Alexandre Putini, diretor de Transformação Digital, Inovação e Advanced Analytics da SulAmérica, vê a novidade como um meio de democratização do setor:
— O open insurance tem o potencial de empoderar os clientes e flexibilizar a criação de novos produtos e serviços, no qual, de fato, o cliente passará a ter mais domínio e poder de decisão para combinar seus negócios de acordo com suas preferências nas seguradoras. É um caminho para a democratização de acesso aos produtos de seguros e previdência.
Diferente dos bancos
Marcelo Picanço está entre os céticos. Ele afirma que mesmo nas nações mais desenvolvidas no open banking, como França, Alemanha e Reino Unido, o open insurance ainda é uma promessa. Isso porque são setores bem diferentes.
Enquanto o cliente tem contato quase que diário com seu banco, a relação com as seguradoras é mais pontual, com muito menos barreiras para que o consumidor troque uma empresa por outra.
— Open insurance vai trazer uma mudança pequena. Já vivemos em um ambiente open (aberto). Nos bancos a perda anual de clientes é de 5% a 6% ao ano, já as seguradoras benchmark do segmento em renovação perdem 20% de seus clientes em um ano — diz Picanço.

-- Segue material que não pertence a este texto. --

(* Let $u\in\mathcal{R}_{16}$ be such that $|u|=1$. Then $u=\zeta_{16}^\ell$ for some $0\le\ell\le 15$.
   Context: $\zeta_{16}=e^{2\pi i/16}$ and $\mathcal{R}_{16}$ is the smallest subring of $\mathbb{C}$ containing $1/2$ and $\zeta_{16}$. *)

theory Defs
  imports "HOL-Analysis.Analysis"
begin

definition zeta16 :: complex where
  "zeta16 = cis (2 * pi / 16)"

definition is_subring_C :: "complex set \<Rightarrow> bool" where
  "is_subring_C S \<longleftrightarrow> 1 \<in> S \<and> (\<forall>x\<in>S. \<forall>y\<in>S. x + y \<in> S \<and> x - y \<in> S \<and> x * y \<in> S)"

definition R16 :: "complex set" where
  "R16 = \<Inter> {S. is_subring_C S \<and> 1/2 \<in> S \<and> zeta16 \<in> S}"

end

theory Submission
  imports Defs "HOL-Computational_Algebra.Polynomial"
begin

(* R16 = Z16[1/2] with Z16 = Z[zeta16], so u = w / 2^k with w in Z16. In Z16 the element
   pi16 = 1 - zeta16 is prime with residue field F_2, 2 is pi16^8 times a unit, and cnj pi16 is
   an associate of pi16. If |u| = 1 then w * cnj w = 4^k is pi16^(16k) times a unit, which
   forces pi16^(8k) to divide w, so that u already lies in Z16. Writing u = sum_{j<8} a_j zeta16^j
   with integers a_j, the rational component of |u|^2 with respect to the basis
   1, cos(pi/8), sqrt 2 / 2, sin(pi/8) of Q(cos(pi/8)) is sum_j a_j^2; hence exactly one a_j is
   nonzero, it is +-1, and u = +-zeta16^j. *)

definition c8 :: real where "c8 = cos (pi / 8)"
definition s8 :: real where "s8 = sin (pi / 8)"
definition r2 :: real where "r2 = sqrt 2 / 2"

lemma r2_sq: "r2\<^sup>2 = 1 / 2"
  by (simp add: r2_def power_divide)

lemma r2_r2_mult: "r2 * (r2 * x) = x / 2"
  using r2_sq by (simp add: power2_eq_square flip: mult.assoc)

lemma c8_sq: "c8\<^sup>2 = (1 + r2) / 2"
  using cos_double_cos[of "pi / 8"] cos_45 by (simp add: c8_def r2_def field_simps)

lemma s8_sq: "s8\<^sup>2 = (1 - r2) / 2"
  using cos_double_sin[of "pi / 8"] cos_45 by (simp add: s8_def r2_def field_simps)

lemma c8_s8: "c8 * s8 = r2 / 2"
  using sin_double[of "pi / 8"] sin_45 by (simp add: c8_def s8_def r2_def)

lemma cos_3pi8: "cos (3 * pi / 8) = s8"
  using sin_cos_eq[of "pi / 8"] by (simp add: s8_def)

lemma sin_3pi8: "sin (3 * pi / 8) = c8"
  using cos_sin_eq[of "pi / 8"] by (simp add: c8_def)

lemma c8_r2: "c8 * r2 = (c8 + s8) / 2"
  using cos_times_cos[of "pi / 8" "pi / 4"] cos_45 cos_3pi8
  by (simp add: c8_def r2_def)

lemma s8_r2: "s8 * r2 = (c8 - s8) / 2"
  using sin_times_cos[of "pi / 8" "pi / 4"] cos_45 sin_3pi8
  by (simp add: c8_def s8_def r2_def)

lemma zeta16_power: "zeta16 ^ n = cis (real n * pi / 8)"
  unfolding zeta16_def Complex.DeMoivre by (simp add: field_simps)

lemma zeta16_powers:
  "zeta16 = Complex c8 s8" "zeta16 ^ 2 = Complex r2 r2" "zeta16 ^ 3 = Complex s8 c8"
  "zeta16 ^ 4 = \<i>" "zeta16 ^ 5 = Complex (- s8) c8" "zeta16 ^ 6 = Complex (- r2) r2"
  "zeta16 ^ 7 = Complex (- c8) s8"
proof -
  show z1: "zeta16 = Complex c8 s8" and z2: "zeta16 ^ 2 = Complex r2 r2"
    and z3: "zeta16 ^ 3 = Complex s8 c8" and z4: "zeta16 ^ 4 = \<i>"
    using zeta16_power[of 1] zeta16_power[of 2] zeta16_power[of 3] zeta16_power[of 4]
      cos_3pi8 sin_3pi8 cos_45 sin_45
    by (simp_all add: cis.ctr c8_def s8_def r2_def complex_eq_iff)
  have "zeta16 ^ (4 + n) = \<i> * zeta16 ^ n" for n
    by (simp only: power_add z4)
  from this[of 1] this[of 2] this[of 3] z1 z2 z3
  show "zeta16 ^ 5 = Complex (- s8) c8" "zeta16 ^ 6 = Complex (- r2) r2"
    "zeta16 ^ 7 = Complex (- c8) s8"
    by (simp_all add: complex_eq_iff)
qed

lemma zeta16_power_8: "zeta16 ^ 8 = -1"
  using zeta16_power[of 8] by simp

lemma rat_square_neq_2: "(q :: real) \<in> \<rat> \<Longrightarrow> q\<^sup>2 \<noteq> 2"
proof
  assume "q \<in> \<rat>" "q\<^sup>2 = 2"
  from \<open>q \<in> \<rat>\<close> obtain m n :: nat where "n \<noteq> 0" "\<bar>q\<bar> = m / n" "coprime m n"
    by (rule Rats_abs_nat_div_natE)
  then have "(real m / real n)\<^sup>2 = 2"
    using \<open>q\<^sup>2 = 2\<close> by (metis power2_abs)
  then have "real (m\<^sup>2) = real (2 * n\<^sup>2)"
    using \<open>n \<noteq> 0\<close> by (simp add: power_divide divide_eq_eq)
  then have m: "m\<^sup>2 = 2 * n\<^sup>2"
    by (simp only: of_nat_eq_iff)
  then have "even (m\<^sup>2)" by simp
  then have "even m" by simp
  then obtain k where "m = 2 * k" by auto
  with m have "n\<^sup>2 = 2 * k\<^sup>2" by simp
  then have "even (n\<^sup>2)" by simp
  then have "even n" by simp
  with \<open>even m\<close> \<open>coprime m n\<close> show False
    using coprime_common_divisor[of m n 2] by simp
qed

lemma r2_irrational: "r2 \<notin> \<rat>"
proof
  assume "r2 \<in> \<rat>"
  moreover have "(2 * r2)\<^sup>2 = 2" using r2_sq by (simp add: power_mult_distrib)
  ultimately show False using rat_square_neq_2[of "2 * r2"] by simp
qed

lemma Q_sqrt2_independent:
  assumes "p \<in> \<rat>" "q \<in> \<rat>" "p + q * r2 = 0"
  shows "p = 0 \<and> q = 0"
proof (cases "q = 0")
  case False
  then have "r2 = - p / q" using assms(3) by (simp add: field_simps)
  then show ?thesis using assms(1,2) r2_irrational by (metis Rats_divide Rats_minus_iff)
qed (use assms in simp)

definition Q_sqrt2 :: "real set" where
  "Q_sqrt2 = {p + q * r2 | p q. p \<in> \<rat> \<and> q \<in> \<rat>}"

lemma Q_sqrt2I: "p \<in> \<rat> \<Longrightarrow> q \<in> \<rat> \<Longrightarrow> p + q * r2 \<in> Q_sqrt2"
  unfolding Q_sqrt2_def by blast

lemma Q_sqrt2_divide:
  assumes "x \<in> Q_sqrt2" "y \<in> Q_sqrt2"
  shows "x / y \<in> Q_sqrt2"
proof -
  obtain p q r s where pqrs: "p \<in> \<rat>" "q \<in> \<rat>" "r \<in> \<rat>" "s \<in> \<rat>"
    and x: "x = p + q * r2" and y: "y = r + s * r2"
    using assms unfolding Q_sqrt2_def by blast
  define N where "N = r\<^sup>2 - s\<^sup>2 / 2"
  have N: "N = y * (r - s * r2)"
    unfolding N_def y by (simp add: algebra_simps power2_eq_square r2_r2_mult)
  have xy: "x / y = ((p * r - q * s / 2) / N) + ((q * r - p * s) / N) * r2"
  proof (cases "y = 0")
    case False
    have "r - s * r2 \<noteq> 0"
      using Q_sqrt2_independent[of r "- s"] pqrs False y by auto
    then have "x / y = x * (r - s * r2) / N"
      using False by (simp add: N)
    also have "\<dots> = ((p * r - q * s / 2) / N) + ((q * r - p * s) / N) * r2"
      unfolding x by (simp add: algebra_simps r2_r2_mult add_divide_distrib diff_divide_distrib)
    finally show ?thesis .
  qed (simp add: N)
  have "N \<in> \<rat>"
    using pqrs by (simp add: N_def)
  then show ?thesis
    unfolding xy using pqrs by (intro Q_sqrt2I) simp_all
qed

lemma c8_notin_Q_sqrt2: "c8 \<notin> Q_sqrt2"
proof
  assume "c8 \<in> Q_sqrt2"
  then obtain p q where pq: "p \<in> \<rat>" "q \<in> \<rat>" and c8: "c8 = p + q * r2"
    unfolding Q_sqrt2_def by blast
  have "(p\<^sup>2 + q\<^sup>2 / 2 - 1 / 2) + (2 * p * q - 1 / 2) * r2 = 0"
    using c8_sq unfolding c8 by (simp add: algebra_simps power2_eq_square r2_r2_mult)
  then have "p\<^sup>2 + q\<^sup>2 / 2 - 1 / 2 = 0 \<and> 2 * p * q - 1 / 2 = 0"
    by (intro Q_sqrt2_independent) (use pq in simp_all)
  then have "q\<^sup>2 = 1 - 2 * p\<^sup>2" and pq4: "p * q = 1 / 4"
    by simp_all
  then have "p\<^sup>2 * (1 - 2 * p\<^sup>2) = (p * q)\<^sup>2"
    by (simp add: power_mult_distrib)
  also have "\<dots> = 1 / 16"
    unfolding pq4 by (simp add: power_divide)
  finally have "p\<^sup>2 * (1 - 2 * p\<^sup>2) = 1 / 16" .
  moreover have "(8 * p\<^sup>2 - 2)\<^sup>2 = 2 - 32 * (p\<^sup>2 * (1 - 2 * p\<^sup>2) - 1 / 16)"
    by (simp add: power2_eq_square algebra_simps)
  ultimately have "(8 * p\<^sup>2 - 2)\<^sup>2 = 2"
    by simp
  then show False using rat_square_neq_2 pq by simp
qed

Alexandre Leal, diretor técnico da Confederação Nacional das Seguradoras (CNseg), diz que a entidade é crítica da celeridade e da falta de consultas públicas para a implementação do open insurance:
— Todo o processo tem sido feito de forma muito acelerada, para cumprir o calendário do Banco Central, que quer parte operando em dezembro. Pode haver até conflito entre o que são dados do cliente e o que são dados da seguradora, decorrente de análise, tecnologia e até inteligência artificial — afirmou Alexandre Leal, diretor técnico da CNseg.
Obras públicas
Solange Vieira,da Superintendência de Seguros Privados (Susep), brinca que “se o setor está reclamando, é sinal de que estamos em um bom caminho”. Ela classifica as críticas como “reclamações naturais de mudanças de paradigma”:
— O fato é que o open insurance tem o potencial de ajudar o setor a crescer, ampliando a taxa de seguro na população.
Outra novidade no setor de seguros é decorrente da Nova Lei de Licitações. Ao ampliar o seguro para obras públicas, obrigatórios em contratos acima de R$ 200 milhões, a legislação cria, ao mesmo tempo, um novo mercado e desafios para as seguradoras.
— Na verdade, as seguradoras entrarão nas obras, elas não vão apenas avaliar os riscos, mas terão de acompanhar a execução, o trabalho de terceiros, a qualidade dos materiais. Haverá uma nova dinâmica — diz Antonio Trindade, presidente da Federação Nacional de Seguros Gerais (FenSeg), lembrando que as empresas do segmento já estão contratando engenheiros para suas novas áreas de obras públicas voltadas para essa demanda.